2.1. Conditions of Shockley-type stacking faults

Shockley-type stacking faults (SSF), playing a role in defect-related phenomena, can affect the electronic band structure, charge carrier behavior in semiconductors, and the mechanical properties of materials.^25–27 SSF of 4H-SiC are shown in Fig. 1. The black arrow indicates the plane and direction of the atom layer. The stacking sequence is explained using the Hägg notation and the related Zhdanov notation.²⁸ The single SSF (3-1 SSF, 1SSF) is one of the possible defects responsible for the increase of the on-state resistance.^29,30 The double SSF (6-2 SSF, 2SSF) typically involves two adjacent stacking faults in the crystal structure. The triple SSF (5-3 SSF, 3SSF) and quadruple SSF (4-4 SSF, 4SSF) can be considered as an inclusion containing two twin cubic sequences of length 3-5 and 4-4 4H-SiC bilayers in the perfect 4H-SiC sequence. The optical and structural properties of 3SSF and 4SSF have been investigated in a series of works.^26,27,31,32 The 4SSF is the sum of four shears with opposite directions and is the only defect that allows for the restoration of crystal symmetry.²⁶

Fig. 1 SSF of 4H-SiC viewed from direction [112̄0].

2.2. Simulation details

We employed Materials Studio software (MS) to construct the 4H-SiC supercell, measuring 60a × 60b × 20c in size, with lattice constants a, b, and c of 3.078 Å, 3.078 Å, and 10.045 Å, respectively.³³ The 4H-SiC supercell comprises a total of 576 000 atoms. We induced the formation of SSF between layers 9c and 10c. Fig. 2 shows the structure of unitcell and supercell of 4H-SiC. The yellow atom is silicon (Si), and the gray atom is carbon (C).

Fig. 2 (a) Unitcell of 4H-SiC and (b) supercell of 4H-SiC.

In the process of establishing the models for 4H-SiC with distinct SSFs, we began with the original 4H-SiC model. We regarded the interface between the first and second layers within the elemental cell of the middle layer of the model as the separation. By employing the MS software, the upper half of the original 4H-SiC supercell was translated along the [112̄0] direction to form the 1SSF stacking fault. Following the same logic, 2SSF was simulated based on the 4H-SiC model containing 1SSF; 3SSF was modeled on the basis of the 4H-SiC model containing 2SSF; and 4SSF was simulated on the foundation of the 4H-SiC model containing 3SSF. Subsequently, mechanical relaxation for these several different models was carried out using the MS software to ensure the stability of the model structure. Then, relaxation was performed using the LAMMPS software to guarantee the stability of the models.

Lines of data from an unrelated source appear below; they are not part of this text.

lemma is_lca_lca:
  assumes "distinct (seq t)" "W \<noteq> {}" "W \<subseteq> leaves t"
  shows "is_lca t W (lca t W)"
proof -
  obtain v where v: "is_lca t W v" using is_lca_exists[OF assms] ..
  have "w = v" if "is_lca t W w" for w
    using v that prefix_order.antisym unfolding is_lca_def desc_def by blast
  with v have "lca t W = v" unfolding lca_def is_lca_def[symmetric] by (rule the_equality)
  with v show ?thesis by simp
qed

definition clade :: "'a btree \<Rightarrow> 'a set \<Rightarrow> bool" where
  "clade t B \<longleftrightarrow> (\<exists>p \<in> positions t. leaves (subt t p) = B)"

lemma clade_leaves: "clade t (leaves t)"
  unfolding clade_def by (intro bexI[of _ "[]"]) (simp_all add: Nil_in_positions)

lemma clade_Node_left: "clade l B \<Longrightarrow> clade (Node l r) B"
  unfolding clade_def by (auto intro!: bexI[of _ "False # _"])

lemma clade_Node_right: "clade r B \<Longrightarrow> clade (Node l r) B"
  unfolding clade_def by (auto intro!: bexI[of _ "True # _"])

lemma clade_subset_leaves: "clade t B \<Longrightarrow> B \<subseteq> leaves t"
  unfolding clade_def by (metis leaves_subt_subset)

lemma clade_qlist: "S \<in> set (qlist t) \<Longrightarrow> clade t (leaves S)"
proof (induction t)
  case (Leaf a)
  then show ?case using clade_leaves[of "Leaf a"] by simp
next
  case (Node l r)
  then show ?case
    by (cases "S = r") (simp_all add: clade_Node_left clade_Node_right clade_leaves)
qed

lemma clade_rlist: "S \<in> set (rlist t) \<Longrightarrow> clade t (leaves S)"
proof (induction t)
  case (Leaf a)
  then show ?case using clade_leaves[of "Leaf a"] by simp
next
  case (Node l r)
  then show ?case
    by (cases "S = l") (simp_all add: clade_Node_left clade_Node_right clade_leaves)
qed

lemma sdesc_lca_insert_outside_clade:
  assumes "distinct (seq t)" "Y \<noteq> {}" "Y \<subseteq> B" "clade t B" "x \<in> leaves t" "x \<notin> B"
  shows "sdesc (lca t Y) (lca t (Y \<union> {x}))"
proof -
  obtain p where p: "p \<in> positions t" "leaves (subt t p) = B"
    using assms(4) unfolding clade_def by blast
  have "Y \<subseteq> leaves t" using assms(3) clade_subset_leaves[OF assms(4)] by (rule order_trans)
  then have v: "is_lca t Y (lca t Y)" and w: "is_lca t (Y \<union> {x}) (lca t (Y \<union> {x}))"
    using is_lca_lca[OF assms(1)] assms(2,5) by simp_all
  have "desc (lca t Y) p" using v p assms(3) unfolding is_lca_def by metis
  then have "leaves (subt t (lca t Y)) \<subseteq> leaves (subt t p)" by (rule leaves_subt_mono)
  then have "x \<notin> leaves (subt t (lca t Y))" using p(2) assms(6) by blast
  moreover have "x \<in> leaves (subt t (lca t (Y \<union> {x})))" using w unfolding is_lca_def by simp
  moreover have "desc (lca t Y) (lca t (Y \<union> {x}))" using v w unfolding is_lca_def by simp
  ultimately show ?thesis unfolding sdesc_def by metis
qed

lemma hd_seq_in_qlist:
  assumes "distinct (seq t)" "S \<in> set (qlist t)" "hd (seq t) \<in> leaves S"
  shows "leaves S = {hd (seq t)}"
  using assms
proof (induction t)
  case (Node l r)
  have hd: "hd (seq (Node l r)) = hd (seq l)" using seq_not_Nil[of l] by simp
  show ?case
  proof (cases "S = r")
    case True
    have "hd (seq l) \<in> leaves l" using seq_not_Nil[of l] by (simp add: leaves_eq_set_seq)
    moreover have "leaves l \<inter> leaves r = {}"
      using Node.prems(1) by (simp add: leaves_eq_set_seq)
    moreover have "hd (seq l) \<in> leaves r" using Node.prems(3) hd True by simp
    ultimately show ?thesis by blast
  next
    case False
    then have "S \<in> set (qlist l)" using Node.prems(2) by simp
    then show ?thesis using Node.IH(1) Node.prems(1,3) hd by simp
  qed
qed simp

lemma last_seq_in_rlist:
  assumes "distinct (seq t)" "S \<in> set (rlist t)" "last (seq t) \<in> leaves S"
  shows "leaves S = {last (seq t)}"
  using assms
proof (induction t)
  case (Node l r)
  have last: "last (seq (Node l r)) = last (seq r)" using seq_not_Nil[of r] by simp
  show ?case
  proof (cases "S = l")
    case True
    have "last (seq r) \<in> leaves r" using seq_not_Nil[of r] by (simp add: leaves_eq_set_seq)
    moreover have "leaves l \<inter> leaves r = {}"
      using Node.prems(1) by (simp add: leaves_eq_set_seq)
    moreover have "last (seq r) \<in> leaves l" using Node.prems(3) last True by simp
    ultimately show ?thesis by blast
  next
    case False
    then have "S \<in> set (rlist r)" using Node.prems(2) by simp
    then show ?thesis using Node.IH(2) Node.prems(1,3) last by simp
  qed
qed simp

lemma ztree_leaves: "is_ztree Z t \<Longrightarrow> leaves t = Z"
  unfolding is_ztree_def by (simp add: leaves_eq_set_seq)

lemma ztree_distinct: "is_ztree Z t \<Longrightarrow> distinct (seq t)"
  unfolding is_ztree_def by simp

lemma good_pair_commute: "good_pair n Z T1 T2 x Y \<longleftrightarrow> good_pair n Z T2 T1 x Y"
  unfolding good_pair_def by blast

lemma good_pair_if_clades_avoid:
  assumes T1: "is_ztree Z T1" and T2: "is_ztree Z T2"
    and Y: "Y \<noteq> {}" "Y \<subseteq> A" "clade T1 A" "Y \<subseteq> B" "clade T2 B"
    and x: "x \<in> Z" "x \<notin> A" "x \<notin> B"
    and card_Y: "real (card Y) \<ge> real (card Z) / (2 * log 2 (real n))"
  shows "good_pair n Z T1 T2 x Y"
proof -
  have "A \<subseteq> Z" using clade_subset_leaves[OF Y(3)] ztree_leaves[OF T1] by simp
  then have "Y \<subset> Z" using Y(2) x(1,2) by blast
  moreover have "sdesc (lca T1 Y) (lca T1 (Y \<union> {x}))"
    using sdesc_lca_insert_outside_clade[OF ztree_distinct[OF T1] Y(1,2,3)] x ztree_leaves[OF T1]
    by simp
  moreover have "sdesc (lca T2 Y) (lca T2 (Y \<union> {x}))"
    using sdesc_lca_insert_outside_clade[OF ztree_distinct[OF T2] Y(1,4,5)] x ztree_leaves[OF T2]
    by simp
  ultimately show ?thesis using x(1) Y(1) card_Y unfolding good_pair_def by simp
qed

lemma exists_outside_overlapping_sets:
  assumes "finite Z" "A \<subseteq> Z" "B \<subseteq> Z" "A \<inter> B \<noteq> {}" "card A + card B \<le> card Z"
  shows "\<exists>x \<in> Z. x \<notin> A \<union> B"
proof -
  have "finite A" "finite B" using assms(1-3) finite_subset by auto
  then have "card (A \<union> B) < card A + card B"
    using card_Un_Int[of A B] assms(4) by (simp add: card_gt_0_iff)
  with assms(5) have "A \<union> B \<noteq> Z" by auto
  with assms(2,3) show ?thesis by blast
qed

lemma good_pair_of_large_clade:
  assumes T1: "is_ztree Z T1" and T2: "is_ztree Z T2" and "finite Z" "n \<ge> 2"
    and A: "clade T1 A" "real (card Z) / log 2 (real n) \<le> real (card A)"
      "real (card A) \<le> real (card Z) / 2"
    and K: "clade T2 K" "clade T2 K'" "K \<union> K' = Z" "real (card K) \<le> real (card Z) / 2"
    and e: "e \<in> K" "e \<notin> K'" "e \<notin> A \<or> A = {e}"
  shows "\<exists>x Y. good_pair n Z T1 T2 x Y"
proof -
  let ?bound = "real (card Z) / (2 * log 2 (real n))"
  have "A \<subseteq> Z" using clade_subset_leaves[OF A(1)] ztree_leaves[OF T1] by simp
  have "K \<subseteq> Z" using clade_subset_leaves[OF K(1)] ztree_leaves[OF T2] by simp
  have "card Z > 0" using e(1) \<open>K \<subseteq> Z\<close> \<open>finite Z\<close> card_gt_0_iff by blast
  moreover have "log 2 (real n) > 0" using \<open>n \<ge> 2\<close> by simp
  ultimately have "?bound > 0" by simp
  have "A = (A \<inter> K) \<union> (A \<inter> K')" using \<open>A \<subseteq> Z\<close> K(3) by blast
  then have "card A \<le> card (A \<inter> K) + card (A \<inter> K')"
    by (metis card_Un_le)
  moreover have "real (card A) / 2 \<ge> ?bound" using A(2) by (simp add: field_simps)
  ultimately consider "real (card (A \<inter> K)) \<ge> ?bound" | "real (card (A \<inter> K')) \<ge> ?bound"
    by linarith
  then show ?thesis
  proof cases
    case 1
    then have "A \<inter> K \<noteq> {}" using \<open>?bound > 0\<close> by auto
    moreover have "card K + card A \<le> card Z" using A(3) K(4) by linarith
    ultimately obtain x where x: "x \<in> Z" "x \<notin> K \<union> A"
      using exists_outside_overlapping_sets[OF \<open>finite Z\<close> \<open>K \<subseteq> Z\<close> \<open>A \<subseteq> Z\<close>]
      by (auto simp: Int_commute)
    have "good_pair n Z T1 T2 x (A \<inter> K)"
      by (rule good_pair_if_clades_avoid[OF T1 T2 \<open>A \<inter> K \<noteq> {}\<close> _ A(1) _ K(1) x(1)])
        (use x 1 in auto)
    then show ?thesis by blast
  next
    case 2
    then have "A \<inter> K' \<noteq> {}" using \<open>?bound > 0\<close> by auto
    then have "e \<notin> A" using e(2,3) by blast
    moreover have "e \<in> Z" using e(1) \<open>K \<subseteq> Z\<close> by blast
    ultimately have "good_pair n Z T1 T2 e (A \<inter> K')"
      using good_pair_if_clades_avoid[OF T1 T2 \<open>A \<inter> K' \<noteq> {}\<close> _ A(1) _ K(2)] e(2) 2
      by simp
    then show ?thesis by blast
  qed
qed

lemma good_pair_of_large_qlist:
  assumes T1: "is_ztree Z T1" and T2: "is_ztree Z T2" and "finite Z" "n \<ge> 2"
    and "seq T1 = seq T2"
    and S: "S \<in> set (qlist T1)" "real (card Z) / log 2 (real n) \<le> real (tsize S)"
      "real (tsize S) \<le> real (card Z) / 2"
    and small: "\<forall>R \<in> set (rlist T2). real (tsize R) \<le> real (card Z) / 2"
  shows "\<exists>x Y. good_pair n Z T1 T2 x Y"
proof -
  obtain L R where T2_eq: "T2 = Node L R" using T2 unfolding is_ztree_def by blast
  let ?e = "hd (seq T1)"
  have "?e = hd (seq L)" using \<open>seq T1 = seq T2\<close> T2_eq seq_not_Nil[of L] by simp
  then have e_L: "?e \<in> leaves L" using seq_not_Nil[of L] by (simp add: leaves_eq_set_seq)
  moreover have "leaves L \<inter> leaves R = {}"
    using ztree_distinct[OF T2] T2_eq by (simp add: leaves_eq_set_seq)
  ultimately have e_R: "?e \<notin> leaves R" by blast
  have "clade T2 (leaves L)" "clade T2 (leaves R)"
    unfolding T2_eq by (rule clade_Node_left[OF clade_leaves] clade_Node_right[OF clade_leaves])+
  moreover have "leaves L \<union> leaves R = Z" using ztree_leaves[OF T2] T2_eq by simp
  moreover have "real (card (leaves L)) \<le> real (card Z) / 2"
    using small T2_eq by (simp add: tsize_def)
  moreover have "?e \<notin> leaves S \<or> leaves S = {?e}"
    using hd_seq_in_qlist[OF ztree_distinct[OF T1] S(1)] by blast
  ultimately show ?thesis
    using good_pair_of_large_clade[OF T1 T2 \<open>finite Z\<close> \<open>n \<ge> 2\<close> clade_qlist[OF S(1)]
        _ _ _ _ _ _ e_L e_R]
      S(2,3) unfolding tsize_def by blast
qed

We employed the MD method using the Large-scale Atom/Molecular Massively Parallel Simulator (LAMMPS) code developed by Sandia National Laboratory.³⁴ MD method is one of the commonly used methods for studying changes in the microstructure of materials.^35–37 MD simulations enable to accurate capture of the intricate interactions between radiation cascades and stacking faults at the atomic scale by simulating the behavior of individual atoms.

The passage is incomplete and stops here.